Am I missing something simple?
This might not fix your problem, but I don't see any code to put the terminating null character in buffer. Try:
// Reserve one character for the null terminator.
ssize_t n = read(fd, buffer, BUFFERSIZE-1);
if ( n == -1 )
{
// Deal with error.
printf("Unable to read the contents of the file.\n");
exit(1); //???
}
buffer[n] = '\0';
The three cat options that you implement have different "modes":
-T replaces a character (no tab is written);
-E prepends a character with additional output (the new-line character is still written);
-n prepends each line with additional output.
You can handle the first two modes directly. The third mode requires information from the character before: A new line starts at the start of the file and after a new-line character has been read. So you need a flag to keep track of that.
(Your code prints a line number after a new-line character is found.
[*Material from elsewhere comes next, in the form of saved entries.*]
(* Let $d\ge 3$ be odd, $n=\frac{d^2+1}{2}$, and consider the $[[d^2+1,2,d]]$ generalized bicycle code defined by $a(x)=1+x$, $b(x)=1+x^d$. If all syndrome extractions are performed using the RL pattern, the effective distance of the code is $d$.
   Context: $R_n=\mathbb{F}_2[x]/\langle x^n-1\rangle$, vectors of $\mathbb{F}_2^{2n}$ are pairs $(u,v)$ of elements of $R_n$ (left half, right half), weight = number of nonzero coefficients. Code spaces: $C_2=\{(c(1+x),c(1+x^d))\}$ (X-stabilizers), $C_1=\{(u,v):u(1+x^d)+v(1+x)=0\}$, $C_2'=\{(c(1+x^{-d}),c(1+x^{-1}))\}$ (Z-stabilizers), $C_1'=\{(u,v):u(1+x^{-1})+v(1+x^{-d})=0\}$, $x^{-1}=x^{n-1}$; undetectable X- (resp. Z-) logical errors are elements of $C_1\setminus C_2$ (resp. $C_1'\setminus C_2'$). Each check $x^i(1+x,1+x^d)$ (left qubits $i,i+1$; right qubits $i,i+d$) and $x^i(1+x^{-d},1+x^{-1})$ is measured with one ancilla via four CNOTs. In the RL pattern the ancilla first interacts with the check's two right-half qubits and then with its two left-half qubits, so a single ancilla fault between the two halves propagates to errors of the check's type on its two left-half qubits, i.e. $(x^i(1+x),0)$ for X-checks and $(x^i(1+x^{-d}),0)$ for Z-checks; any other single ancilla fault is equivalent to at most one data-qubit error. The effective distance is the minimum number of faults producing an undetectable logical error, namely the minimum of $\mathrm{wt}(j)+\mathrm{wt}(u)+\mathrm{wt}(v)$ over $j,u,v\in R_n$ with $(u+j(x)(1+x),v)\in C_1\setminus C_2$ or $(u+j(x)(1+x^{-d}),v)\in C_1'\setminus C_2'$. *)

theory Defs
  imports "HOL-Library.Z2" "HOL-Computational_Algebra.Polynomial"
begin

text \<open>The ring R_n = F_2[x]/(x^n - 1): elements are represented by their canonical
  representatives, polynomials over F_2 (type bit) of degree < n; the ring product is
  the polynomial product reduced modulo x^n - 1.\<close>

definition cyc_mod :: "nat \<Rightarrow> bit poly" where
  "cyc_mod n = monom 1 n - 1"

definition Rn :: "nat \<Rightarrow> bit poly set" where
  "Rn n = {p. p mod cyc_mod n = p}"

definition rmul :: "nat \<Rightarrow> bit poly \<Rightarrow> bit poly \<Rightarrow> bit poly" where
  "rmul n p q = (p * q) mod cyc_mod n"

definition radd :: "nat \<Rightarrow> bit poly \<Rightarrow> bit poly \<Rightarrow> bit poly" where
  "radd n p q = (p + q) mod cyc_mod n"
That means that you have to treat the first line explicitly and that you get one too many line umber at the end. After all, a file with n lines has n new-line characters and you print n + 1 line numbers.)
Other issues:
As R Sahu has pointed out, your input isn't null-terminated. You don't really need a null terminator here: read returns the number of bytes read or an error code. You can use that number as limit for index.
You incmenet index in the while condition, which means that you look at the character after the one you checked inside the loop, which might well be the null character. You will also miss the first character in the file.
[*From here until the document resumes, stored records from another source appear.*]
(* Let $m\le n$, $K\in\{0,\ldots,m-1\}$, $\gamma>0$, $\mathcal{C}\subset\mathrm{dom} f\subset\mathbb{R}^{m\times n}$ satisfy condition (C1), and suppose $f+\delta_{\mathcal C}$ is directionally differentiable and Lipschitz continuous on its domain $\mathcal C$ with constant $M$ with respect to the nuclear norm. Then every d-stationary point $X^*$ of $\min_X f(X)+\gamma\mathcal{T}_K(X)+\delta_{\mathcal C}(X)$ satisfies $\mathcal{T}_K(X^* )=0$ provided $\gamma>M$.
   Context: $\mathcal{T}_K(X)=\sum_{i=K+1}^{\min\{m,n\}}\sigma_i(X)$ (singular values in decreasing order); nuclear norm $\|X\|_*=\sum_i\sigma_i(X)$. $\delta_{\mathcal C}$ = indicator of $\mathcal C$. Feasible cone $\mathcal{F}(X;\mathcal{C})=\{D\mid \exists\varsigma'>0:\ X+\varsigma D\in\mathcal{C}\ \forall\varsigma\in(0,\varsigma')\}$. Directional differentiability: $h'(X;D)=\lim_{\varsigma\searrow0}(h(X+\varsigma D)-h(X))/\varsigma$ exists in $\mathbb R$ for $X\in\mathrm{dom}\,h$, $D\in\mathcal F(X;\mathrm{dom}\,h)$. Condition (C1): every $X\in\mathcal C$ has an SVD $X=U[\mathrm{diag}(\sigma_1(X),\ldots,\sigma_m(X)),0]V^\top$ with $-U[\mathrm{diag}(0,\ldots,0,\sigma_{K+1}(X),\ldots,\sigma_m(X)),0]V^\top\in\mathcal{F}(X;\mathcal C)$. $X^*$ is d-stationary if the objective's directional derivative at $X^*$ is $\ge0$ for all $D\in\mathcal F(X^*;\mathcal C)$. *)

theory Defs
  imports "HOL-Analysis.Analysis" "Jordan_Normal_Form.Matrix"
begin

text \<open>Real m x n matrices are JNF matrices of type real mat in carrier_mat m n.
  Indices are 0-based: the paper's sigma_i corresponds to svals X ! (i-1).\<close>

definition orth_mat :: "nat \<Rightarrow> real mat \<Rightarrow> bool" where
  "orth_mat k U \<longleftrightarrow> U \<in> carrier_mat k k \<and> transpose_mat U * U = 1\<^sub>m k"

definition rect_diag :: "nat \<Rightarrow> nat \<Rightarrow> real list \<Rightarrow> real mat" where
  "rect_diag m n s = mat m n (\<lambda>(i,j). if i = j \<and> i < length s then s ! i else 0)"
In fact, you don't need a buffer here. When the file is larger than you buffer, you truncate it. You could call read in a loop until you read fewer bytes than BUFFERSIZE, but the simplest way in this case is to read one byte after the other and process it.
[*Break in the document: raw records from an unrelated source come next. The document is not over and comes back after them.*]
definition hybrid_prob :: "nat \<Rightarrow> nat \<Rightarrow> nat \<Rightarrow> 'r pmf
    \<Rightarrow> (nat \<Rightarrow> 'r \<Rightarrow> bool list \<Rightarrow> nat set set \<Rightarrow> bool list)
    \<Rightarrow> ('r \<Rightarrow> bool list \<Rightarrow> nat set set \<Rightarrow> bool) \<Rightarrow> nat \<Rightarrow> real" where
  "hybrid_prob n k t R send out j =
     pmf (do { \<sigma> \<leftarrow> pmf_of_set (labelings n t);
               Ms \<leftarrow> Pi_pmf {1..k} {} (\<lambda>i. matching_dist n t \<sigma> (j < i));
               r \<leftarrow> R;
               return_pmf (out r (ovme_msg send r Ms (k - 1)) (Ms k)) }) True"

lemma ovme_success_prob_eq_hybrid:
  "ovme_success_prob n k t R send out =
     (1 + hybrid_prob n k t R send out 0 - hybrid_prob n k t R send out k) / 2"
proof -
  let ?H = "\<lambda>j. do { \<sigma> \<leftarrow> pmf_of_set (labelings n t);
               Ms \<leftarrow> Pi_pmf {1..k} {} (\<lambda>i. matching_dist n t \<sigma> (j < i));
               r \<leftarrow> R;
               return_pmf (out r (ovme_msg send r Ms (k - 1)) (Ms k)) }"
  have "Pi_pmf {1..k} {} (\<lambda>i. matching_dist n t \<sigma> yes) =
      Pi_pmf {1..k} {} (\<lambda>i. matching_dist n t \<sigma> (if yes then 0 < i else k < i))" for \<sigma> yes
    by (intro Pi_pmf_cong) auto
  then have "ovme_success_prob n k t R send out =
      (pmf (?H 0) True + pmf (map_pmf Not (?H k)) True) / 2"
    unfolding ovme_success_prob_def measure_pmf_single pmf_bind_fair_coin
    by (simp add: map_bind_pmf)
  then show ?thesis
    unfolding hybrid_prob_def pmf_map_Not by simp
qed

definition hybrid_alice :: "nat \<Rightarrow> nat \<Rightarrow> (nat \<Rightarrow> 'r \<Rightarrow> bool list \<Rightarrow> nat set set \<Rightarrow> bool list)
    \<Rightarrow> nat \<Rightarrow> 'r \<Rightarrow> (nat \<Rightarrow> nat) \<Rightarrow> bool list pmf" where
  "hybrid_alice n t send j r \<sigma> =
     map_pmf (\<lambda>Ms. ovme_msg send r Ms j) (Pi_pmf {1..j} {} (\<lambda>_. matching_dist n t \<sigma> False))"

definition hybrid_bob :: "nat \<Rightarrow> nat \<Rightarrow> (nat \<Rightarrow> 'r \<Rightarrow> bool list \<Rightarrow> nat set set \<Rightarrow> bool list)
    \<Rightarrow> ('r \<Rightarrow> bool list \<Rightarrow> nat set set \<Rightarrow> bool) \<Rightarrow> 'r \<Rightarrow> (nat \<Rightarrow> nat set set)
    \<Rightarrow> bool list \<Rightarrow> nat set set \<Rightarrow> bool" where
  "hybrid_bob k j send out r g m M =
     (let Ms = g(Suc j := M) in out r (ovme_msg_from send r Ms j m (k - 1 - j)) (Ms k))"

lemma ovme_output_split:
  assumes "j < k"
    and Ms: "Ms = (\<lambda>i. if i \<in> {1..j} then f i else g i)(Suc j := M)"
  shows "out r (ovme_msg send r Ms (k - 1)) (Ms k) = hybrid_bob k j send out r g (ovme_msg send r f j) M"
proof -
  have "ovme_msg send r Ms (k - 1) = ovme_msg_from send r Ms j (ovme_msg send r Ms j) (k - 1 - j)"
    using ovme_msg_add[of send r Ms j "k - 1 - j"] assms(1) by simp
  also have "ovme_msg send r Ms j = ovme_msg send r f j"
    using Ms by (intro ovme_msg_cong) auto
  also have "ovme_msg_from send r Ms j (ovme_msg send r f j) (k - 1 - j) =
      ovme_msg_from send r (g(Suc j := M)) j (ovme_msg send r f j) (k - 1 - j)"
    using Ms by (intro ovme_msg_from_cong) auto
  finally have msg: "ovme_msg send r Ms (k - 1) =
      ovme_msg_from send r (g(Suc j := M)) j (ovme_msg send r f j) (k - 1 - j)" .
  have "Ms k = (g(Suc j := M)) k"
    using assms by simp
  then show ?thesis
    by (simp only: hybrid_bob_def Let_def msg)
qed

lemma hybrid_step_eq_advantage:
  fixes R :: "'r pmf"
  assumes "j < k"
  shows "hybrid_prob n k t R send out j - hybrid_prob n k t R send out (Suc j) =
    (\<integral>\<rho>. (\<integral>\<sigma>. (\<integral>m. hlp_advantage n t (hybrid_bob k j send out (fst \<rho>) (snd \<rho>)) \<sigma> m
           \<partial>hybrid_alice n t send j (fst \<rho>) \<sigma>) \<partial>pmf_of_set (labelings n t))
       \<partial>pair_pmf R (Pi_pmf {Suc (Suc j)..k} {} (\<lambda>_. pmf_of_set (matchings n (n div 4)))))"
proof -
  define L where "L = pmf_of_set (labelings n t)"
  define W where "W = Pi_pmf {Suc (Suc j)..k} {} (\<lambda>_. pmf_of_set (matchings n (n div 4)))"
  define A where "A = (\<lambda>(\<rho> :: 'r \<times> (nat \<Rightarrow> nat set set)) \<sigma>. hybrid_alice n t send j (fst \<rho>) \<sigma>)"
  define B where "B = (\<lambda>\<rho> :: 'r \<times> (nat \<Rightarrow> nat set set). hybrid_bob k j send out (fst \<rho>) (snd \<rho>))"
  have hybrid: "hybrid_prob n k t R send out i =
      pmf (pair_pmf R W \<bind> (\<lambda>\<rho>. L \<bind> (\<lambda>\<sigma>. A \<rho> \<sigma> \<bind>
             (\<lambda>m. map_pmf (B \<rho> m) (matching_dist n t \<sigma> (i \<le> j)))))) True"
    if "i = j \<or> i = Suc j" for i
  proof -
    define N where "N = (\<lambda>\<sigma>. Pi_pmf {1..j} {} (\<lambda>_. matching_dist n t \<sigma> False))"
    have "Pi_pmf {1..j} {} (\<lambda>i'. matching_dist n t \<sigma> (i < i')) = N \<sigma>" for \<sigma>
      unfolding N_def using that by (intro Pi_pmf_cong) auto
    moreover have "Pi_pmf {Suc (Suc j)..k} {} (\<lambda>i'. matching_dist n t \<sigma> (i < i')) = W" for \<sigma>
      unfolding W_def using that by (intro Pi_pmf_cong) (auto simp: matching_dist_def)
    ultimately have "hybrid_prob n k t R send out i =
        pmf (do {\<sigma> \<leftarrow> L; f \<leftarrow> N \<sigma>; M \<leftarrow> matching_dist n t \<sigma> (i \<le> j); g \<leftarrow> W; r \<leftarrow> R;
                 return_pmf (hybrid_bob k j send out r g (ovme_msg send r f j) M)}) True"
      unfolding hybrid_prob_def Pi_pmf_split_at[OF assms] L_def
      by (simp only: ovme_output_split[OF assms refl] less_Suc_eq_le bind_assoc_pmf bind_return_pmf)
    also have "\<dots> =
        pmf (do {r \<leftarrow> R; g \<leftarrow> W; \<sigma> \<leftarrow> L; f \<leftarrow> N \<sigma>; M \<leftarrow> matching_dist n t \<sigma> (i \<le> j);
                 return_pmf (hybrid_bob k j send out r g (ovme_msg send r f j) M)}) True"
      by (simp only: bind_commute_pmf[where B = W], simp only: bind_commute_pmf[where B = R])
    finally show ?thesis
      by (simp add: A_def B_def N_def hybrid_alice_def pair_pmf_def bind_map_pmf map_pmf_def
          bind_assoc_pmf bind_return_pmf)
  qed
  show ?thesis
    unfolding hybrid[OF disjI1[OF refl]] hybrid[OF disjI2[OF refl]] hlp_advantage_def
    by (simp only: pmf_bind_diff L_def W_def A_def B_def) simp
qed

theorem lemma5p4:
  fixes n k t c :: nat and \<epsilon> :: real
    and R :: "'r pmf"
    and send :: "nat \<Rightarrow> 'r \<Rightarrow> bool list \<Rightarrow> nat set set \<Rightarrow> bool list"
    and out :: "'r \<Rightarrow> bool list \<Rightarrow> nat set set \<Rightarrow> bool"
  assumes "0 < t" and "(4 * t) dvd n" and "1 \<le> k"
    and "0 < \<epsilon>"
    and "\<And>i r m M. length (send i r m M) \<le> c"
    and "ovme_success_prob n k t R send out \<ge> 1/2 + \<epsilon>"
  shows "\<exists>alice bob. (\<forall>\<sigma>. length (alice \<sigma>) \<le> c) \<and>
           hlp_success_prob n t alice bob \<ge> 1/2 + \<epsilon> / k"
proof -
  let ?F = "hybrid_prob n k t R send out"
  have "2 * \<epsilon> \<le> ?F 0 - ?F k"
    using assms(6) by (simp add: ovme_success_prob_eq_hybrid)
  then obtain j where "j < k" and step: "2 * \<epsilon> / k \<le> ?F j - ?F (Suc j)"
    using exists_step_ge_average assms(3) by (metis less_le_trans zero_less_one)
  obtain \<rho> alice
    where alice: "\<And>\<sigma>. alice \<sigma> \<in> set_pmf (hybrid_alice n t send j (fst \<rho>) \<sigma>)"
      and adv: "2 * \<epsilon> / k \<le> (\<integral>\<sigma>. hlp_advantage n t (hybrid_bob k j send out (fst \<rho>) (snd \<rho>)) \<sigma>
                   (alice \<sigma>) \<partial>pmf_of_set (labelings n t))"
    using step unfolding hybrid_step_eq_advantage[OF \<open>j < k\<close>]
    by (rule measure_pmf_derandomize[OF abs_hlp_advantage_le_1]) blast
  have "length (alice \<sigma>) \<le> c" for \<sigma>
    using alice[of \<sigma>] ovme_msg_length_le[OF assms(5)] by (auto simp: hybrid_alice_def)
  moreover have "1/2 + \<epsilon> / k \<le> hlp_success_prob n t alice (hybrid_bob k j send out (fst \<rho>) (snd \<rho>))"
    using adv by (simp add: hlp_success_prob_eq_advantage mult.commute)
  ultimately show ?thesis
    by blast
qed

end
You use too many compound conditions. This isn't wrong per se, but it makes for complicated code. Your main loop reads like a big switch when there are in fact only a few special cases to treat.
The way you determine the flags is both too complicated and too restricted. You chack all combinations of flags, which is 6 for the case that all flags are given. What if you add another flag? Are you going to write 24 more strcmps? Look for the minus sign as first character and then at the letters one by one, setting flags and printing error messages as you go.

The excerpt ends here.